Por fim, a ideia de organizar tipos com uma mesma unidade visual data do século XX, após a Revolução Industrial, quando surgiram as primeiras famílias tipográficas, que consistem em um conjunto de fontes criadas com o mesmo desenho ou unidade visual (Figura 10), conjunto no qual cada fonte apresenta uma variedade formal específica, como peso, lar-gura ou inclinação, podendo também se estender para versões ornamen-tadas, versões de diferentes serifas, números não-alinhados, entre outros.

Figura 10: Família da fonte Directa Serif projetada por Ricardo Esteves em 2013. Fonte: MyFonts.com.

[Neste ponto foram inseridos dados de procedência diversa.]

(* Let $w_1=a$, $w_2=b$, $w_3=ba$, $w_4=baabbaa$, and $w_n = b\cdot\mathit{TM}_{2n-8}\cdot\overline{\mathit{TM}_{2n-6}}\cdot\overline{\mathit{TM}_{2n-6}}'$ for $n\ge 5$, and let $W=w_1w_2w_3\cdots$ be their infinite concatenation. Then $\tau^2(W)=W$.
   Context: Strings are over $\{a,b\}$. For a binary string $w$, $\overline{w}$ is obtained by exchanging $a$ and $b$ letterwise, and $w'$ is $w$ with its last letter removed; $\overline{w}'$ means $(\overline{w})'$. Thue–Morse words: $\mathit{TM}_0=a$ and $\mathit{TM}_k=\mathit{TM}_{k-1}\cdot\overline{\mathit{TM}_{k-1}}$ for $k\ge1$. The Thue–Morse morphism $\tau$ is the morphism with $\tau(a)=ab$, $\tau(b)=ba$, extended letterwise to infinite words; $\tau^2=\tau\circ\tau$. *)

theory Defs
  imports Main
begin

datatype letter = A | B

fun flip :: "letter \<Rightarrow> letter" where
  "flip A = B" | "flip B = A"

definition bar :: "letter list \<Rightarrow> letter list" where
  "bar w = map flip w"

fun TM :: "nat \<Rightarrow> letter list" where
  "TM 0 = [A]"
| "TM (Suc k) = TM k @ bar (TM k)"

fun tau_letter :: "letter \<Rightarrow> letter list" where
  "tau_letter A = [A, B]"
| "tau_letter B = [B, A]"

definition tau_inf :: "(nat \<Rightarrow> letter) \<Rightarrow> (nat \<Rightarrow> letter)" where
  "tau_inf x = (\<lambda>i. tau_letter (x (i div 2)) ! (i mod 2))"

(* the words w_n, n \<ge> 1 (w 0 is unused) ; w' = butlast w *)
definition w :: "nat \<Rightarrow> letter list" where
  "w n = (if n = 1 then [A]
          else if n = 2 then [B]
          else if n = 3 then [B, A]
          else if n = 4 then [B, A, A, B, B, A, A]
          else [B] @ TM (2*n - 8) @ bar (TM (2*n - 6)) @ butlast (bar (TM (2*n - 6))))"

(* infinite concatenation ws 0 ws 1 ws 2 ... of a sequence of nonempty finite words:
   position i lies within the concatenation of the first i+1 words *)
definition infconcat :: "(nat \<Rightarrow> 'a list) \<Rightarrow> nat \<Rightarrow> 'a" where
  "infconcat ws i = concat (map ws [0..<Suc i]) ! i"

definition W :: "nat \<Rightarrow> letter" where
  "W = infconcat (\<lambda>k. w (Suc k))"

end

theory Submission
  imports Defs
begin

text \<open>\<open>W\<close> is the Thue--Morse sequence \<open>t\<close>, given by \<open>t 0 = a\<close>, \<open>t (2n) = t n\<close> and
  \<open>t (2n+1) = flip (t n)\<close>; this recursion says exactly that \<open>t\<close> is a fixed point of \<open>\<tau>\<close>
  itself, not only of \<open>\<tau>\<^sup>2\<close>. To identify \<open>W\<close> with \<open>t\<close>: with \<open>T = TM\<^bsub>2m+2\<^esub>\<close>, the
  prefix \<open>w\<^sub>1 \<cdots> w\<^bsub>m+4\<^esub>\<close> telescopes to \<open>T \<cdot> bar T \<cdot> (bar T)'\<close>, and as \<open>T\<close> ends in \<open>a\<close>
  this is \<open>TM\<^bsub>2m+4\<^esub> = T \<cdot> bar T \<cdot> bar T \<cdot> T\<close> with its last \<open>|T| + 1\<close> letters removed.
  Finally every \<open>TM\<^sub>k\<close> is a prefix of \<open>t\<close>.\<close>

lemma flip_flip [simp]: "flip (flip c) = c"
  by (cases c) auto

lemma bar_bar [simp]: "bar (bar u) = u"
  by (simp add: bar_def comp_def)

lemma bar_eq_Nil_iff [simp]: "bar u = [] \<longleftrightarrow> u = []"
  by (simp add: bar_def)

lemma length_bar [simp]: "length (bar u) = length u"
  by (simp add: bar_def)

lemma bar_append [simp]: "bar (u @ v) = bar u @ bar v"
  by (simp add: bar_def)

lemma last_bar: "u \<noteq> [] \<Longrightarrow> last (bar u) = flip (last u)"
  by (simp add: bar_def last_map)

function thue_morse :: "nat \<Rightarrow> letter" where
  "thue_morse 0 = A"
| "thue_morse (Suc n) =
     (if even (Suc n) then thue_morse (Suc n div 2) else flip (thue_morse (Suc n div 2)))"
  by pat_completeness auto
termination by (relation "measure id") (simp_all, presburger)

lemma thue_morse_rec:
  "thue_morse n = (if even n then thue_morse (n div 2) else flip (thue_morse (n div 2)))"
  by (cases n) auto

lemma tau_inf_thue_morse: "tau_inf thue_morse = thue_morse"
proof
  fix i
  show "tau_inf thue_morse i = thue_morse i"
    unfolding tau_inf_def thue_morse_rec [of i]
    by (cases "thue_morse (i div 2)"; cases "even i") (auto simp: mod_2_eq_odd)
qed

lemma thue_morse_power_add:
  "j < 2 ^ k \<Longrightarrow> thue_morse (2 ^ k + j) = flip (thue_morse j)"
proof (induction k arbitrary: j)
  case 0
  then show ?case by simp
next
  case (Suc k)
  have "(2 ^ Suc k + j) div 2 = 2 ^ k + j div 2" and "even (2 ^ Suc k + j) = even j"
    by simp_all
  then have "thue_morse (2 ^ Suc k + j) =
      (if even j then thue_morse (2 ^ k + j div 2) else flip (thue_morse (2 ^ k + j div 2)))"
    by (subst thue_morse_rec) (simp only:)
  moreover have "thue_morse (2 ^ k + j div 2) = flip (thue_morse (j div 2))"
    using Suc by simp
  ultimately show ?case
    by (simp add: thue_morse_rec [of j] del: thue_morse.simps)
qed

lemma length_TM [simp]: "length (TM k) = 2 ^ k"
  by (induction k) auto

lemma nth_TM: "i < 2 ^ k \<Longrightarrow> TM k ! i = thue_morse i"
proof (induction k arbitrary: i)
  case 0
  then show ?case by simp
next
  case (Suc k)
  show ?case
  proof (cases "i < 2 ^ k")
    case True
    then show ?thesis using Suc by (simp add: nth_append)
  next
    case False
    with Suc.prems obtain j where "i = 2 ^ k + j" "j < 2 ^ k"
      by (metis add_diff_inverse_nat mult_2 nat_add_left_cancel_less power_Suc)
    then show ?thesis
      using Suc.IH [of j] thue_morse_power_add [of j k] by (simp add: nth_append bar_def)
  qed
qed

lemma TM_ne_Nil: "TM k \<noteq> []"
  using length_TM [of k] by (metis list.size(3) power_not_zero zero_neq_numeral)

lemma last_TM: "last (TM k) = (if even k then A else B)"
  by (induction k) (auto simp: TM_ne_Nil last_bar last_append)

lemma TM_add_2_even:
  assumes "even k"
  shows "TM (k + 2) = TM k @ bar (TM k) @ butlast (bar (TM k)) @ B # TM k"
proof -
  have "last (bar (TM k)) = B"
    using TM_ne_Nil last_TM [of k] assms by (simp add: last_bar)
  then have "bar (TM k) = butlast (bar (TM k)) @ [B]"
    using TM_ne_Nil by (metis append_butlast_last_id bar_eq_Nil_iff)
  then have "bar (TM k) @ TM k = butlast (bar (TM k)) @ B # TM k"
    by (metis append.assoc append_Cons append_Nil)
  then show ?thesis
    by simp
qed

lemma length_concat_map_upt_ge:
  "(\<And>k. ws k \<noteq> []) \<Longrightarrow> n \<le> length (concat (map ws [0..<n]))"
proof (induction n)
  case (Suc n)
  have "n \<le> length (concat (map ws [0..<n]))"
    using Suc by blast
  moreover have "0 < length (ws n)"
    using Suc.prems by simp
  moreover have "length (concat (map ws [0..<Suc n])) =
      length (concat (map ws [0..<n])) + length (ws n)"
    by simp
  ultimately show ?case
    by linarith
qed simp

lemma nth_infconcat:
  assumes "\<And>k. ws k \<noteq> []" and "i < length (concat (map ws [0..<n]))"
  shows "infconcat ws i = concat (map ws [0..<n]) ! i"
proof -
  let ?prefix = "\<lambda>m. concat (map ws [0..<m])"
  have nth_prefix_add: "?prefix (m + d) ! i = ?prefix m ! i" if "i < length (?prefix m)" for m d
    using that by (simp add: upt_add_eq_append [of 0 m d] nth_append)
  have "i < length (?prefix (Suc i))"
    using length_concat_map_upt_ge [of ws "Suc i"] assms(1) by simp
  then have "?prefix (Suc i) ! i = ?prefix n ! i"
    using nth_prefix_add [of "Suc i" "n - Suc i"] nth_prefix_add [of n "Suc i - n"] assms(2)
    by (cases "Suc i \<le> n")
      (simp_all only: le_add_diff_inverse le_add_diff_inverse2 not_le less_imp_le)
  then show ?thesis
    unfolding infconcat_def .
qed

definition W_prefix :: "nat \<Rightarrow> letter list" where
  "W_prefix n = concat (map (\<lambda>k. w (Suc k)) [0..<n])"

lemma W_prefix_Suc: "W_prefix (Suc n) = W_prefix n @ w (Suc n)"
  by (simp add: W_prefix_def)

lemma W_prefix_eq:
  "W_prefix (m + 4) = TM (2 * m + 2) @ bar (TM (2 * m + 2)) @ butlast (bar (TM (2 * m + 2)))"
proof (induction m)
  case 0
  show ?case by (simp add: W_prefix_def w_def bar_def numeral_eq_Suc)
next
  case (Suc m)
  let ?T = "TM (2 * m + 2)" and ?T' = "TM (2 * m + 4)"
  have w: "w (Suc (m + 4)) = B # ?T @ bar ?T' @ butlast (bar ?T')"
    by (simp add: w_def algebra_simps del: TM.simps)
  have T': "?T' = ?T @ bar ?T @ butlast (bar ?T) @ B # ?T"
  proof -
    have "even (2 * m + 2)" and "2 * m + 2 + 2 = 2 * m + 4"
      by simp_all
    then show ?thesis
      using TM_add_2_even [of "2 * m + 2"] by (simp only:)
  qed
  have "W_prefix (Suc m + 4) = W_prefix (m + 4) @ w (Suc (m + 4))"
    by (simp only: add_Suc W_prefix_Suc)
  also have "\<dots> = (?T @ bar ?T @ butlast (bar ?T) @ B # ?T) @ bar ?T' @ butlast (bar ?T')"
    unfolding Suc.IH w by (simp only: append_assoc append_Cons)
  also have "\<dots> = ?T' @ bar ?T' @ butlast (bar ?T')"
    unfolding T' [symmetric] ..
  also have "2 * m + 4 = 2 * Suc m + 2"
    by simp
  finally show ?case .
qed

lemma TM_eq_W_prefix: "TM (2 * m + 4) = W_prefix (m + 4) @ B # TM (2 * m + 2)"
proof -
  have "even (2 * m + 2)" and "2 * m + 2 + 2 = 2 * m + 4"
    by simp_all
  then show ?thesis
    using TM_add_2_even [of "2 * m + 2"] by (simp only: W_prefix_eq append_assoc)
qed

lemma W_eq_thue_morse: "W = thue_morse"
proof
  fix i
  have w_ne_Nil: "w (Suc k) \<noteq> []" for k
    by (simp add: w_def)
  have "i < length (W_prefix (i + 4))"
    using length_concat_map_upt_ge [of "\<lambda>k. w (Suc k)" "i + 4"] w_ne_Nil
    unfolding W_prefix_def by simp
  moreover have "length (W_prefix (i + 4)) < 2 ^ (2 * i + 4)"
    using arg_cong [OF TM_eq_W_prefix [of i], of length] by simp
  ultimately have "W_prefix (i + 4) ! i = thue_morse i"
    using nth_TM [of i "2 * i + 4"] by (simp add: TM_eq_W_prefix nth_append)
  moreover have "W i = W_prefix (i + 4) ! i"
    using nth_infconcat [of "\<lambda>k. w (Suc k)" i "i + 4"] w_ne_Nil
      \<open>i < length (W_prefix (i + 4))\<close>
    unfolding W_def W_prefix_def by simp
  ultimately show "W i = thue_morse i"
    by simp
qed

theorem mainTheorem10:
  shows "tau_inf (tau_inf W) = W"
  by (simp add: W_eq_thue_morse tau_inf_thue_morse)

end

O PROJETO DE UMA FONTE DIGITAL

Para projetar uma tipografia ou uma fonte tipográfica, o designer de tipos deve elencar e definir alguns parâmetros iniciais para clarificar como serão os aspectos formais, técnicos e estéticos da fonte tipográfica. De acordo com Henestrosa, Meseguer e Scaglione (2014), o design de tipos é uma tarefa lenta e meticulosa. Dentre muitas decisões, do ponto de vista prático, é imprescindível responder a algumas questões, como para quem se destinam, como serão lidas, onde serão utilizadas, como serão reproduzidas, entre outras.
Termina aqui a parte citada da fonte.